Hi Karel ... It is important that the substrate doesn't get too dry and dusty ... But I'd say if you've had him for 5 years and he's doing well with his sheds and health then you are doing fine ... You'd know soon enough if he was too dry ... Look forward to seeing the pix


----------



## james.w (Oct 10, 2011)

What type of wood chips? 

How long have you had him in this enclosure? 

Your temps may be off based in what you are using to measure them.

What are the ambient temps outside of the enclosure?
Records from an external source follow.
lemma betti_eq_card_complement:
  fixes E :: "((nat \<Rightarrow> nat) \<times> nat set) set"
  assumes V: "finite V" and E: "E \<subseteq> kbasis V Gs i j"
    and cycles: "\<And>c :: _ \<Rightarrow> 'k::field. (\<And>b. b \<notin> E \<Longrightarrow> c b = 0) \<Longrightarrow> kdiff V Gs i j c = 0"
    and decompose: "\<And>z. z \<in> kcycles V Gs i j \<Longrightarrow>
      \<exists>w \<in> kchains TYPE('k) V Gs (i + 1) j. \<forall>b. b \<notin> E \<longrightarrow> z b = kdiff V Gs (i + 1) j w b"
    and no_boundaries: "\<And>w. w \<in> kchains TYPE('k) V Gs (i + 1) j \<Longrightarrow>
      (\<And>b. b \<notin> E \<Longrightarrow> kdiff V Gs (i + 1) j w b = 0) \<Longrightarrow> kdiff V Gs (i + 1) j w = 0"
  shows "betti TYPE('k) V Gs i j = card E"
proof -
  let ?Z = "kcycles V Gs i j :: (_ \<Rightarrow> 'k) set" and ?B = "kboundaries V Gs i j :: (_ \<Rightarrow> 'k) set"
  let ?D = "(\<lambda>x. indicator {x}) ` E :: (_ \<Rightarrow> 'k) set"
  have finite_E: "finite E" using finite_subset[OF E finite_kbasis[OF V]] .
  have span_D: "kscale.span ?D = {c. \<forall>b. b \<notin> E \<longrightarrow> c b = 0}"
    by (rule kscale_span_indicators[OF finite_E])
  have Z: "?Z = {x + y | x y. x \<in> ?B \<and> y \<in> kscale.span ?D}"
  proof (intro equalityI subsetI)
    fix z assume z: "z \<in> ?Z"
    then obtain w where w: "w \<in> kchains TYPE('k) V Gs (i + 1) j"
      "\<forall>b. b \<notin> E \<longrightarrow> z b = kdiff V Gs (i + 1) j w b"
      using decompose by blast
    have "kdiff V Gs (i + 1) j w \<in> ?B" unfolding kboundaries_def using w(1) by blast
    moreover have "z - kdiff V Gs (i + 1) j w \<in> kscale.span ?D" using w(2) span_D by simp
    ultimately show "z \<in> {x + y | x y. x \<in> ?B \<and> y \<in> kscale.span ?D}" by force
  next
    fix z assume "z \<in> {x + y | x y. x \<in> ?B \<and> y \<in> kscale.span ?D}"
    then obtain x y where xy: "z = x + y" "x \<in> ?Z" "y \<in> kscale.span ?D"
      using kboundaries_subset_kcycles[OF V] by blast
    have "kdiff V Gs i j y = 0" using xy(3) span_D by (intro cycles) auto
    moreover have "y \<in> kchains TYPE('k) V Gs i j" using xy(3) span_D E unfolding kchains_def by blast
    ultimately show "z \<in> ?Z" using xy(1,2) by (auto simp: kcycles_def kchains_def kdiff_add)
  qed
  have disj: "?B \<inter> kscale.span ?D \<subseteq> {0}"
    using no_boundaries span_D unfolding kboundaries_def by auto
  have B: "?B \<subseteq> kscale.span ((\<lambda>x. indicator {x}) ` kbasis V Gs i j)"
    using kboundaries_subset_kcycles[OF V, of Gs i j]
    unfolding kscale_span_indicators[OF finite_kbasis[OF V]] kcycles_def kchains_def by blast
  have "kscale.dim ?Z = kscale.dim ?B + card ?D"
    unfolding Z using finite_E finite_kbasis[OF V]
    by (intro kscale.dim_sum_span_independent[OF kscale_subspace_kboundaries B _
          kscale_independent_indicators _ disj]) simp_all
  thus ?thesis by (simp add: betti_eq_dim_kcycles_minus_dim_kboundaries card_indicators)
qed

section \<open>The star graph\<close>

abbreviation star_ideal :: "nat \<Rightarrow> (nat \<Rightarrow> nat) set" where
  "star_ideal n \<equiv> path3_gens {0..n} (star_edge n)"

abbreviation star_basis :: "nat \<Rightarrow> nat \<Rightarrow> ((nat \<Rightarrow> nat) \<times> nat set) set" where
  "star_basis n i \<equiv> kbasis {0..n} (star_ideal n) i (n + 1)"

definition star_path_dvd :: "nat \<Rightarrow> (nat \<Rightarrow> nat) \<Rightarrow> bool" where
  "star_path_dvd n m \<longleftrightarrow> 0 < m 0 \<and> (\<exists>a\<in>{1..n}. \<exists>b\<in>{1..n}. a \<noteq> b \<and> 0 < m a \<and> 0 < m b)"

lemma in_star_ideal_iff: "in_mono_ideal (star_ideal n) m \<longleftrightarrow> star_path_dvd n m"
proof
  assume "in_mono_ideal (star_ideal n) m"
  then obtain x y z where g: "x \<in> {0..n}" "z \<in> {0..n}" "x \<noteq> y" "y \<noteq> z" "x \<noteq> z"
    "star_edge n x y" "star_edge n y z" and le: "\<forall>v. sqfree_mono {x, y, z} v \<le> m v"
    unfolding in_mono_ideal_def path3_gens_def by blast
  have "y = 0" "x \<in> {1..n}" "z \<in> {1..n}" using g unfolding star_edge_def by auto
  moreover have "0 < m x" "0 < m y" "0 < m z"
    using le[rule_format, of x] le[rule_format, of y] le[rule_format, of z]
    unfolding sqfree_mono_def by auto
  ultimately show "star_path_dvd n m" unfolding star_path_dvd_def using g by blast
next
  assume "star_path_dvd n m"
  then obtain a b where ab: "a \<in> {1..n}" "b \<in> {1..n}" "a \<noteq> b" "0 < m a" "0 < m b" "0 < m 0"
    unfolding star_path_dvd_def by blast
  have "sqfree_mono {a, 0, b} \<in> star_ideal n"
    unfolding path3_gens_def star_edge_def using ab by force
  moreover have "\<forall>v. sqfree_mono {a, 0, b} v \<le> m v" using ab unfolding sqfree_mono_def by auto
  ultimately show "in_mono_ideal (star_ideal n) m" unfolding in_mono_ideal_def by blast
qed

lemma mem_star_basis_iff:
  "(m, F) \<in> kbasis {0..n} (star_ideal n) i j \<longleftrightarrow> mono_supp {0..n} m \<and> \<not> star_path_dvd n m
     \<and> F \<subseteq> {0..n} \<and> card F = i \<and> mono_deg {0..n} m + i = j"
  unfolding kbasis_def by (simp add: in_star_ideal_iff)

lemma star_path_dvd_mono:
  "star_path_dvd n m \<Longrightarrow> (\<And>v. 0 < m v \<Longrightarrow> 0 < m' v) \<Longrightarrow> star_path_dvd n m'"
  unfolding star_path_dvd_def by blast

lemma star_multideg_eq_one_if_le_one:
  assumes mF: "(m, F) \<in> star_basis n i" and le1: "\<And>w. multideg m F w \<le> 1" and w: "w \<in> {0..n}"
  shows "multideg m F w = 1"
proof (rule ccontr)
  assume "multideg m F w \<noteq> 1"
  hence "multideg m F w = 0" using le1[of w] by simp
  have "(\<Sum>u\<in>{0..n}. multideg m F u) = multideg m F w + (\<Sum>u\<in>{0..n} - {w}. multideg m F u)"
    using w by (simp add: sum.remove)
  also have "\<dots> \<le> 0 + (\<Sum>u\<in>{0..n} - {w}. 1)"
    using \<open>multideg m F w = 0\<close> le1 by (intro add_mono sum_mono) auto
  also have "\<dots> = n" using w by simp
  finally show False using sum_multideg[OF _ mF] by simp
qed

(* Membership in the star ideal depends only on the support, so the homotopy can fail only
   where x_v does not divide m.  Choosing v with alpha_v >= 2 whenever possible leaves only the
   squarefree multidegree, and there the leaf x_1 confines the failures to the elements
   x_0 x_k \<otimes> e_{V - {0, k}}, 2 <= k <= n. *)
definition star_pivot :: "(nat \<Rightarrow> nat) \<Rightarrow> nat" where
  "star_pivot \<alpha> = (if \<exists>w. 2 \<le> \<alpha> w then LEAST w. 2 \<le> \<alpha> w else 1)"

lemma star_pivot_le_multideg:
  assumes mF: "(m, F) \<in> star_basis n i" and n: "1 \<le> n"
  shows "1 \<le> multideg m F (star_pivot (multideg m F))"
proof (cases "\<exists>w. 2 \<le> multideg m F w")
  case True
  thus ?thesis unfolding star_pivot_def using LeastI_ex[OF True] by simp
next
  case False
  hence "star_pivot (multideg m F) = 1" unfolding star_pivot_def by simp
  moreover have "multideg m F w \<le> 1" for w using False[unfolded not_ex, rule_format, of w] by simp
  ultimately show ?thesis using star_multideg_eq_one_if_le_one[OF mF] n by simp
qed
Where is your hygrometer placed in the enclosure?


----------



## karel (Oct 11, 2011)

Hi he has been in the enclosure about 2 and a half years ,outside is generally room temp, and they are ordinary wood chips for reptiles as sold in pet shops . And the hydrometr is about half way down the enclosure ,or rather the probe is .
Best wishes Charlie


----------



## james.w (Oct 11, 2011)

What is the room temp? 

How big are the wood chips?

Is the hygrometer on the cool end, warm end, or in the middle?


----------



## karel (Oct 11, 2011)

Hi I live in England so the room temp in summer can be 90s in winter with central heating about 75-80 or so. the wood chips are about a centimeter square some are smaller.and the probe is roughly in the middle .


----------



## james.w (Oct 11, 2011)

I would try a different substrate, not sure what you have available in England, but I use a sand/soil mix and it works well.


----------



## karel (Oct 11, 2011)

Hi I have just ordered some cypress mulch, hopefully this will retain humidity better ,as he also like to burrow to go to sleep.
Many thanks for your help. I will post some pics of the viv later this week.
Best wishes Charlie


----------



## james.w (Oct 11, 2011)

Yes Cypress should hold humidity better than the wood chips.


----------